[Collected data entries]
▬▬▬▬▬▬▬▬▬▬

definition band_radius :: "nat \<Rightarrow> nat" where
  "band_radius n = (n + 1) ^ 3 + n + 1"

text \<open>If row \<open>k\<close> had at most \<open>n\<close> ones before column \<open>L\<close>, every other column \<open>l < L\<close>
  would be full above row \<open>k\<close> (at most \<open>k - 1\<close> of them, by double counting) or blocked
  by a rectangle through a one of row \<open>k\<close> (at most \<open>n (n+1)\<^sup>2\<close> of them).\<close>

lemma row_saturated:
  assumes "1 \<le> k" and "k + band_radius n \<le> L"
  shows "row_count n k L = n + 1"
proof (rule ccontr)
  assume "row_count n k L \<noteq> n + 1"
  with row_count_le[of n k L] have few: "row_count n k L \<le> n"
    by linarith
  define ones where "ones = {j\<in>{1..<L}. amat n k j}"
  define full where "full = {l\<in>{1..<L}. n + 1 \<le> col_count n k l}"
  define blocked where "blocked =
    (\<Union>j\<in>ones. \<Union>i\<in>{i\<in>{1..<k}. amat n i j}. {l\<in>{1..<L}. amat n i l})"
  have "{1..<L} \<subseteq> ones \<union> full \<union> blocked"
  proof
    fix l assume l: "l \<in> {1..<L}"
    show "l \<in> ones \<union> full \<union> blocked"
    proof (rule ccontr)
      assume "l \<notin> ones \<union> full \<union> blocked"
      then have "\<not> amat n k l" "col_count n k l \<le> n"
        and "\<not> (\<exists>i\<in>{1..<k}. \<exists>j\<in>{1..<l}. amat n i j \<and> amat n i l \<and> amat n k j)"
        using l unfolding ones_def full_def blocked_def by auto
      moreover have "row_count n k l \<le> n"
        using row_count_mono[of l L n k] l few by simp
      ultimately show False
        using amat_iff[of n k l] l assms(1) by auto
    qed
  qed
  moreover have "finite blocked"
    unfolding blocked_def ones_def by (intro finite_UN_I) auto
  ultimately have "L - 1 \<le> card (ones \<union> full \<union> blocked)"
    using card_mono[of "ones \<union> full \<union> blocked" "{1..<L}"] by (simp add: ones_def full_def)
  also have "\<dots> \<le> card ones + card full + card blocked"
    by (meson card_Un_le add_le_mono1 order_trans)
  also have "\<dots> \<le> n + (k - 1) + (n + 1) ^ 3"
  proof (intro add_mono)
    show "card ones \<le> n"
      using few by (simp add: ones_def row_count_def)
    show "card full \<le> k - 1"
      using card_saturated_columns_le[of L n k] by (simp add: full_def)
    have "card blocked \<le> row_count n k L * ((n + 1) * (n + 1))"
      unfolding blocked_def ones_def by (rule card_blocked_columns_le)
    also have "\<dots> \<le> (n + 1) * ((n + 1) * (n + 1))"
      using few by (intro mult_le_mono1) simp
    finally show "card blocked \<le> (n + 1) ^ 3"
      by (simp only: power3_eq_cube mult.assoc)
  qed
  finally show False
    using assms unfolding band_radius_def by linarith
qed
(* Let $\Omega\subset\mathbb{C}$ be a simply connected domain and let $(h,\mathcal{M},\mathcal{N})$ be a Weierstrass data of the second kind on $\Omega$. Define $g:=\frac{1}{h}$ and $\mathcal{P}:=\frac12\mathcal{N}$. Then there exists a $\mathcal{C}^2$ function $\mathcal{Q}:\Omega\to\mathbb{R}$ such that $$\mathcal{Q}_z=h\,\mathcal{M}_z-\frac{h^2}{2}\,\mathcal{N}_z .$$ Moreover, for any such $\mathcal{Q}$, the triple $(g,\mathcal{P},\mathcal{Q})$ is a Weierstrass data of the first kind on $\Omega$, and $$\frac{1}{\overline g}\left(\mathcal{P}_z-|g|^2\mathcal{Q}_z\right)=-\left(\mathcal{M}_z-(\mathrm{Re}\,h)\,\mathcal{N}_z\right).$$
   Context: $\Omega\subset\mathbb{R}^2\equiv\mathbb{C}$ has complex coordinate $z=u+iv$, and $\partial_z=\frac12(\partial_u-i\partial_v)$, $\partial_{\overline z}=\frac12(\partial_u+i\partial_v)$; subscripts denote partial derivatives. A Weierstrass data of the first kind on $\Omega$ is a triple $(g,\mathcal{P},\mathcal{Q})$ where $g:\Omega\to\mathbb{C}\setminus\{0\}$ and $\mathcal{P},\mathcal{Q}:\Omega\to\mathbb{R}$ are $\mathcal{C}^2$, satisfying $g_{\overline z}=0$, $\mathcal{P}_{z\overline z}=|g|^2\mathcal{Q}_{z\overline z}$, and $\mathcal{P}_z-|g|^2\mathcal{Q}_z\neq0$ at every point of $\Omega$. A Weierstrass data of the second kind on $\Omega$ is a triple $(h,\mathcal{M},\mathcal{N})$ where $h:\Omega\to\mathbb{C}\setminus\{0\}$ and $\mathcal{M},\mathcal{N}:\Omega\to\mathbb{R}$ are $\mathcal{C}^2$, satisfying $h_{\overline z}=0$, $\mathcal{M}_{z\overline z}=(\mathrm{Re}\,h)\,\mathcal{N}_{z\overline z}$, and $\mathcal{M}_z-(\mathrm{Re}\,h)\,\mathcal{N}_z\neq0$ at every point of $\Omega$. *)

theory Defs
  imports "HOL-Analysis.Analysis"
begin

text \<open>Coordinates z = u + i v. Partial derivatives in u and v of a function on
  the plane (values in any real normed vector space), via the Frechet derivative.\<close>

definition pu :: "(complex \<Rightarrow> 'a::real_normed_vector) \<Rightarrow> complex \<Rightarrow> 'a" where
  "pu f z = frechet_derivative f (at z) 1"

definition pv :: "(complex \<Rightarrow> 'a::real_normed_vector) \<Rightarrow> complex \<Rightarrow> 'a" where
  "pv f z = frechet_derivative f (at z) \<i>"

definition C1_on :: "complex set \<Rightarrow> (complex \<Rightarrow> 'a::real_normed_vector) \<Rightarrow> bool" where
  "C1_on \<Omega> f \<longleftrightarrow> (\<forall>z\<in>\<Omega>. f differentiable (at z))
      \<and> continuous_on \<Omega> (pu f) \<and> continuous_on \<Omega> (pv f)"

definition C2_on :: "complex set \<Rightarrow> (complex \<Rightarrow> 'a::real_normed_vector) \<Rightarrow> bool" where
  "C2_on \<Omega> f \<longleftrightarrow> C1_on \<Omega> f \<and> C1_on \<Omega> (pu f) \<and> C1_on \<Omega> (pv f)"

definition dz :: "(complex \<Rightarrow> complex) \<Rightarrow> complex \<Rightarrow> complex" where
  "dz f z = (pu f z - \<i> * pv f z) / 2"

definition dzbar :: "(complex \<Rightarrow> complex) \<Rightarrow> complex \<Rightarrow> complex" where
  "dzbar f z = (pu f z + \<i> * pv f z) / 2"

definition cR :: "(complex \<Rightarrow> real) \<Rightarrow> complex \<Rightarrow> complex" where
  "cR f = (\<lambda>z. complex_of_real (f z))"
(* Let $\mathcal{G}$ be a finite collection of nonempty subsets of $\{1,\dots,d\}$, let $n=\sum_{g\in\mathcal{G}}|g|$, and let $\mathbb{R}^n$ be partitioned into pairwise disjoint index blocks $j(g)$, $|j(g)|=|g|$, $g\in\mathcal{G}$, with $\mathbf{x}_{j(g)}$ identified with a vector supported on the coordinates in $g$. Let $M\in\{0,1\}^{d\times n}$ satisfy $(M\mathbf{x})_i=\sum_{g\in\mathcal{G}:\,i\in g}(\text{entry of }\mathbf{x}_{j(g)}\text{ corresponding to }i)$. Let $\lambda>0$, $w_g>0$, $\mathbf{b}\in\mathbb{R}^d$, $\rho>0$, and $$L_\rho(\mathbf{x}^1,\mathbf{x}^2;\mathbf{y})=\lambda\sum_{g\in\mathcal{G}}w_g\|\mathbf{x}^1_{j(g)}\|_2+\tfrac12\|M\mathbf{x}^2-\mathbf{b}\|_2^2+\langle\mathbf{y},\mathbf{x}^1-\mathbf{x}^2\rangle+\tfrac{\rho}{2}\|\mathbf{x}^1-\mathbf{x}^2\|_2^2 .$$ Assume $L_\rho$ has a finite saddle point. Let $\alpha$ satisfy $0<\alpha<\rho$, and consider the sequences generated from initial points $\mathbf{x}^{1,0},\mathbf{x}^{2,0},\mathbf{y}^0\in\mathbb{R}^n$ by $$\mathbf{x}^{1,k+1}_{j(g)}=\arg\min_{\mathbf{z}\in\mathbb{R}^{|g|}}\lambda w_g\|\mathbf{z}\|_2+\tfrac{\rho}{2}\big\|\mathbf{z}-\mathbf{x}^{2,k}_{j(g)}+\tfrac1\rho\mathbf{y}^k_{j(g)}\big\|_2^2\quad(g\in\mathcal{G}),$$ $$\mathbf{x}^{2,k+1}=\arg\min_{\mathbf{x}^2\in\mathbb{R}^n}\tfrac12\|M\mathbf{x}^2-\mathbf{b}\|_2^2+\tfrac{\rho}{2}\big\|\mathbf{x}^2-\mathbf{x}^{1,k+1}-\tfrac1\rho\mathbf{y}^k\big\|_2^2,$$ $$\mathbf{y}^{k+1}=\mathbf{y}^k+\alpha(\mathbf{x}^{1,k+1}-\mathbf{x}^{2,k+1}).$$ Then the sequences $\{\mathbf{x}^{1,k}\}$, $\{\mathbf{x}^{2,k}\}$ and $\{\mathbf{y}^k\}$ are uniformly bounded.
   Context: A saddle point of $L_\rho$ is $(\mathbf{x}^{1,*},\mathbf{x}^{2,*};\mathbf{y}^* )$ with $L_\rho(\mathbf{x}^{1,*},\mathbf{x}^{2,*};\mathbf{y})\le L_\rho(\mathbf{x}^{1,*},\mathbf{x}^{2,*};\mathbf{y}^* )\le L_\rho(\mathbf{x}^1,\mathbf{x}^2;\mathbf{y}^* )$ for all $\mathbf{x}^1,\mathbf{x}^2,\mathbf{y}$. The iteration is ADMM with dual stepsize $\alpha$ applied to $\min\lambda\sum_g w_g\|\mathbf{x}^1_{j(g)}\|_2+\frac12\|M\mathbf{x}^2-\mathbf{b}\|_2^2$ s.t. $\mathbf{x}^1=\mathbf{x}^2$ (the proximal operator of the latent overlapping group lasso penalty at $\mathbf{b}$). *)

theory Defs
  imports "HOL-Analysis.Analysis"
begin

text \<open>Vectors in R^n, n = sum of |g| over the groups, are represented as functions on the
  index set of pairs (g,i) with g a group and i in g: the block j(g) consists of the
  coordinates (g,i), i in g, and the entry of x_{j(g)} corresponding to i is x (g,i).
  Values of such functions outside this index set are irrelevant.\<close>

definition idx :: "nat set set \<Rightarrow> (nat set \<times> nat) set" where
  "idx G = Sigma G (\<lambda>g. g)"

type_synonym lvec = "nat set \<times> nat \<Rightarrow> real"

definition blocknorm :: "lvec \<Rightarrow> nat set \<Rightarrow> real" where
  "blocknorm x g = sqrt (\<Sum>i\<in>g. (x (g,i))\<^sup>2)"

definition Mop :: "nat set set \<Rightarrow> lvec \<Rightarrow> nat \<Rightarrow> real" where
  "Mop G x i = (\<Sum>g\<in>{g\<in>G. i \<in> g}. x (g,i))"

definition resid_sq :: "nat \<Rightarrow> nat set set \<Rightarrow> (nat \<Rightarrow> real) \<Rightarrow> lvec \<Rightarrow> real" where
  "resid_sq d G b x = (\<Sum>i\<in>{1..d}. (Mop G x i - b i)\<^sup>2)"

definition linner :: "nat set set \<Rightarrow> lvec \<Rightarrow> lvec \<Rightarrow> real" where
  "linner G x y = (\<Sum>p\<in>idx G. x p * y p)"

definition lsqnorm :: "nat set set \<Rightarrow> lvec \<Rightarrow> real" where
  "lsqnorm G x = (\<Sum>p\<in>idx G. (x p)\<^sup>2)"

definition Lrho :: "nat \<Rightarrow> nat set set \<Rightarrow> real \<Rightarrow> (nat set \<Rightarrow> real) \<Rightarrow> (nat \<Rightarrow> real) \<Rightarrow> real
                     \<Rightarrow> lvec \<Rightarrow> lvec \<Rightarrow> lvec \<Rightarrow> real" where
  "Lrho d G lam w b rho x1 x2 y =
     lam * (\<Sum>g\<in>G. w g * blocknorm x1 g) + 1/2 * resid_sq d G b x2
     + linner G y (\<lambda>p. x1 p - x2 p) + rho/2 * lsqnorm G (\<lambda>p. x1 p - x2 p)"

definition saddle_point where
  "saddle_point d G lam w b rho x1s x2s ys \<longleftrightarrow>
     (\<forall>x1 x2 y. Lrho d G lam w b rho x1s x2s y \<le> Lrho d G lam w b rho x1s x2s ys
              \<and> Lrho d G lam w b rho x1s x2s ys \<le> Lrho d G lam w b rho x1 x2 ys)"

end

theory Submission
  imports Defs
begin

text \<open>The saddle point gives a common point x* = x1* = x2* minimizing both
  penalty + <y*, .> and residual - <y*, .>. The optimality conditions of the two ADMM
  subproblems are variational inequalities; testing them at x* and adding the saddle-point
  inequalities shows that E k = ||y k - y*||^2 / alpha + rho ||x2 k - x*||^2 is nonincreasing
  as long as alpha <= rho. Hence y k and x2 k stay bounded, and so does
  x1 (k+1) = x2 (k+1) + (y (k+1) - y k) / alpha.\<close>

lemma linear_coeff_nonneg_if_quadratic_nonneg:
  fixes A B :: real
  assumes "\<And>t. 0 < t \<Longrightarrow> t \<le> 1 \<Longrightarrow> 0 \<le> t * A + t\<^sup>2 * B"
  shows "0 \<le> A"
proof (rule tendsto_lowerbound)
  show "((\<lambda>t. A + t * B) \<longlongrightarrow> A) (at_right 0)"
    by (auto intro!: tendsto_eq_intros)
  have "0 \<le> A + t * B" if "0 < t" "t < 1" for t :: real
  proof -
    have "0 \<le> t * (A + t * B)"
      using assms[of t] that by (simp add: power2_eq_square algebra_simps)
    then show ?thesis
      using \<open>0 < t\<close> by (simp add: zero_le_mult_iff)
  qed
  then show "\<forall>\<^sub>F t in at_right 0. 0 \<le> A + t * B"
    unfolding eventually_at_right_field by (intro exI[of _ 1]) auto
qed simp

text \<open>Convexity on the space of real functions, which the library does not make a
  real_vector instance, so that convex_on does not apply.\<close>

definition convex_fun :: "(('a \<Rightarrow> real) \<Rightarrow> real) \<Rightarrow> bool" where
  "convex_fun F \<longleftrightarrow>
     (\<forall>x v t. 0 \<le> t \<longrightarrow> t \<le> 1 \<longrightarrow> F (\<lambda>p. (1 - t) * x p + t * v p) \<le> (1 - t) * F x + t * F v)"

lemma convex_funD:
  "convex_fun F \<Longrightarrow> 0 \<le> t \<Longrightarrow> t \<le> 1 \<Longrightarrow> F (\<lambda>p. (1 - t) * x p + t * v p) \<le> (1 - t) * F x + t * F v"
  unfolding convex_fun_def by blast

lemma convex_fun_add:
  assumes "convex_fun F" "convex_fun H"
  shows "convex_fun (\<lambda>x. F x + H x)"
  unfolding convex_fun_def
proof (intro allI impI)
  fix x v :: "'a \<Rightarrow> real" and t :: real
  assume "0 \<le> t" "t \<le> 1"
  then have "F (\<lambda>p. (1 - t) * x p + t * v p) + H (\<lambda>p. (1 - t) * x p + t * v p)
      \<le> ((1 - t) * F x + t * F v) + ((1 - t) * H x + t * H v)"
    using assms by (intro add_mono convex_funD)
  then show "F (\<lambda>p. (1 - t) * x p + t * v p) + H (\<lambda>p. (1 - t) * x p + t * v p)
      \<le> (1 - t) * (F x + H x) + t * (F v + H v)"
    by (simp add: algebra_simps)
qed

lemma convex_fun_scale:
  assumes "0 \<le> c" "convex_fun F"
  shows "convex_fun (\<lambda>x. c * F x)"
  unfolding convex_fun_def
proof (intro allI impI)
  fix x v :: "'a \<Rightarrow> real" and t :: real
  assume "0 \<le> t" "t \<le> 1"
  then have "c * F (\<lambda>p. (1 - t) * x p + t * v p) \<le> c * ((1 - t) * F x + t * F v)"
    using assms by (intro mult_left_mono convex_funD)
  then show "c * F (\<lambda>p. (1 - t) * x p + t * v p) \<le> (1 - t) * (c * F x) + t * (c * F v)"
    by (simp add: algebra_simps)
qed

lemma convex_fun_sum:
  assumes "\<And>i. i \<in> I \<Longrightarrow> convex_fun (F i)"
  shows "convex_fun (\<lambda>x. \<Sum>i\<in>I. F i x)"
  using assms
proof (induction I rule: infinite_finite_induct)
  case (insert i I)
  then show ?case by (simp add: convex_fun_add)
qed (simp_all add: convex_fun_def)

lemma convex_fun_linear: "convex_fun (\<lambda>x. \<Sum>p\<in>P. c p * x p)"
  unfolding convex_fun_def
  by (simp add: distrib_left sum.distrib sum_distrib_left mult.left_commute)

▬▬▬▬▬▬▬▬▬▬

PROBLEM DETAILS – Your task is to list each line of the records with the word "unfolding".

REPLY TO THE TASK –
        using l unfolding ones_def full_def blocked_def by auto
    unfolding blocked_def ones_def by (intro finite_UN_I) auto
      unfolding blocked_def ones_def by (rule card_blocked_columns_le)
    using assms unfolding band_radius_def by linarith
    unfolding eventually_at_right_field by (intro exI[of _ 1]) auto
  unfolding convex_fun_def by blast
  unfolding convex_fun_def
  unfolding convex_fun_def
  unfolding convex_fun_def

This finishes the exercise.